На этот раз Тарарам предложил действовать следующим образом: принести в зал два стола и поставить их друг на друга — так, чтобы Насте не пришлось прыгать с лестницы на пол, а осталось бы только взобраться на расположенные под, как она однажды выразилась, «зеленоструйной волевоплощалкой» столы и, преисполнясь отваги, сделать шаг, решительно пройти сквозь испытание чужой пустотой. Помимо удобства исполнения задуманного, в этом случае появлялась возможность задержаться и некоторое время провести внутри невидимого при включенном освещении инопространственного пузыря. Ну а Рома с Егором, взобравшись с двух сторон на стулья, Настю бы подстраховали…

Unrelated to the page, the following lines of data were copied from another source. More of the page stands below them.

(* Let $R$ be the ring of integers of a nonarchimedean local field $F$ of characteristic not $2$ in which $2$ is a prime element, and assume $R\ne\mathbb{Z}_2$. For any $n\ge 3$, the $R$-lattice $\mathbb{H}^{n-1}\perp\langle 1,-1\rangle$ is primitively $n$-universal. In particular, $u^\ast_R(n) = 2n$ for any $n\ge 3$.
   Context: An $R$-lattice is a finitely generated $R$-submodule of a quadratic space $(V,B)$ over $F$, assumed integral ($B(L,L)\subseteq R$) and nondegenerate. A representation is an $R$-linear map preserving $B$; it is primitive if its image is a direct summand. A lattice is primitively $n$-universal if it primitively represents every $R$-lattice of rank $n$; $u^\ast_R(n)$ is the minimal rank of such a lattice. $\mathbb{H}$ is the binary lattice with Gram matrix $\begin{pmatrix}0&1\\1&0\end{pmatrix}$, $\mathbb{H}^{k}$ the orthogonal sum of $k$ copies, and $\langle a_1,\dots,a_k\rangle$ the lattice with diagonal Gram matrix $\operatorname{diag}(a_1,\dots,a_k)$. *)

theory Defs
  imports "Jordan_Normal_Form.Determinant"
begin

text \<open>v is a normalized discrete valuation on the field; its value at 0 is irrelevant
 (conventionally infinity) and is never used.\<close>

definition discrete_valuation :: "('a::field \<Rightarrow> int) \<Rightarrow> bool" where
  "discrete_valuation v \<longleftrightarrow>
     (\<forall>x y. x \<noteq> 0 \<longrightarrow> y \<noteq> 0 \<longrightarrow> v (x * y) = v x + v y) \<and>
     (\<forall>x y. x \<noteq> 0 \<longrightarrow> y \<noteq> 0 \<longrightarrow> x + y \<noteq> 0 \<longrightarrow> min (v x) (v y) \<le> v (x + y)) \<and>
     (\<exists>p. p \<noteq> 0 \<and> v p = 1)"

definition vsmall :: "('a::field \<Rightarrow> int) \<Rightarrow> 'a \<Rightarrow> int \<Rightarrow> bool" where
  "vsmall v x k \<longleftrightarrow> x = 0 \<or> k \<le> v x"

definition v_complete :: "('a::field \<Rightarrow> int) \<Rightarrow> bool" where
  "v_complete v \<longleftrightarrow>
     (\<forall>s :: nat \<Rightarrow> 'a.
        (\<forall>k. \<exists>N. \<forall>m\<ge>N. \<forall>n\<ge>N. vsmall v (s m - s n) k) \<longrightarrow>
        (\<exists>L. \<forall>k. \<exists>N. \<forall>n\<ge>N. vsmall v (s n - L) k))"

definition int_ring :: "('a::field \<Rightarrow> int) \<Rightarrow> 'a set" where
  "int_ring v = {x. x = 0 \<or> 0 \<le> v x}"

definition finite_residue_field :: "('a::field \<Rightarrow> int) \<Rightarrow> bool" where
  "finite_residue_field v \<longleftrightarrow>
     (\<exists>S. finite S \<and> S \<subseteq> int_ring v \<and> (\<forall>x\<in>int_ring v. \<exists>s\<in>S. vsmall v (x - s) 1))"

definition nonarch_local_field :: "('a::field \<Rightarrow> int) \<Rightarrow> bool" where
  "nonarch_local_field v \<longleftrightarrow> discrete_valuation v \<and> v_complete v \<and> finite_residue_field v"

definition prime_elem_in :: "'a::field set \<Rightarrow> 'a \<Rightarrow> bool" where
  "prime_elem_in R p \<longleftrightarrow> p \<in> R \<and> p \<noteq> 0 \<and> \<not> (\<exists>u\<in>R. p * u = 1) \<and>
     (\<forall>a\<in>R. \<forall>b\<in>R. (\<exists>c\<in>R. a * b = p * c) \<longrightarrow> (\<exists>c\<in>R. a = p * c) \<or> (\<exists>c\<in>R. b = p * c))"

definition Z2 :: "(nat \<Rightarrow> int) set" where
  "Z2 = {a. \<forall>k. 0 \<le> a k \<and> a k < 2 ^ k \<and> a (Suc k) mod 2 ^ k = a k}"

definition Z2_add :: "(nat \<Rightarrow> int) \<Rightarrow> (nat \<Rightarrow> int) \<Rightarrow> (nat \<Rightarrow> int)" where
  "Z2_add a b = (\<lambda>k. (a k + b k) mod 2 ^ k)"

definition Z2_mul :: "(nat \<Rightarrow> int) \<Rightarrow> (nat \<Rightarrow> int) \<Rightarrow> (nat \<Rightarrow> int)" where
  "Z2_mul a b = (\<lambda>k. (a k * b k) mod 2 ^ k)"

definition ring_iso_Z2 :: "'a::field set \<Rightarrow> bool" where
  "ring_iso_Z2 R \<longleftrightarrow> (\<exists>\<phi>. bij_betw \<phi> R Z2 \<and>
      (\<forall>x\<in>R. \<forall>y\<in>R. \<phi> (x + y) = Z2_add (\<phi> x) (\<phi> y) \<and> \<phi> (x * y) = Z2_mul (\<phi> x) (\<phi> y)))"

definition mat_over :: "'a set \<Rightarrow> 'a mat \<Rightarrow> bool" where
  "mat_over R A \<longleftrightarrow> (\<forall>i<dim_row A. \<forall>j<dim_col A. A $$ (i, j) \<in> R)"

Задерживаться в пузыре Настя категорически отказалась. А пройти… Ну что ж, она сама на это вызвалась, она пройдет…

План был принят. Егор с Ромой принесли из кулуаров столы и, ориентируясь по ручке швабры, водрузили их друг на друга — столешница верхнего оказалась как раз на высоте Егоровых глаз, а лежащая на полу швабра делила конструкцию пополам. В целом архитектоника выглядела надежной. По бокам столов поставили два стула, после чего у торца установили стремянку.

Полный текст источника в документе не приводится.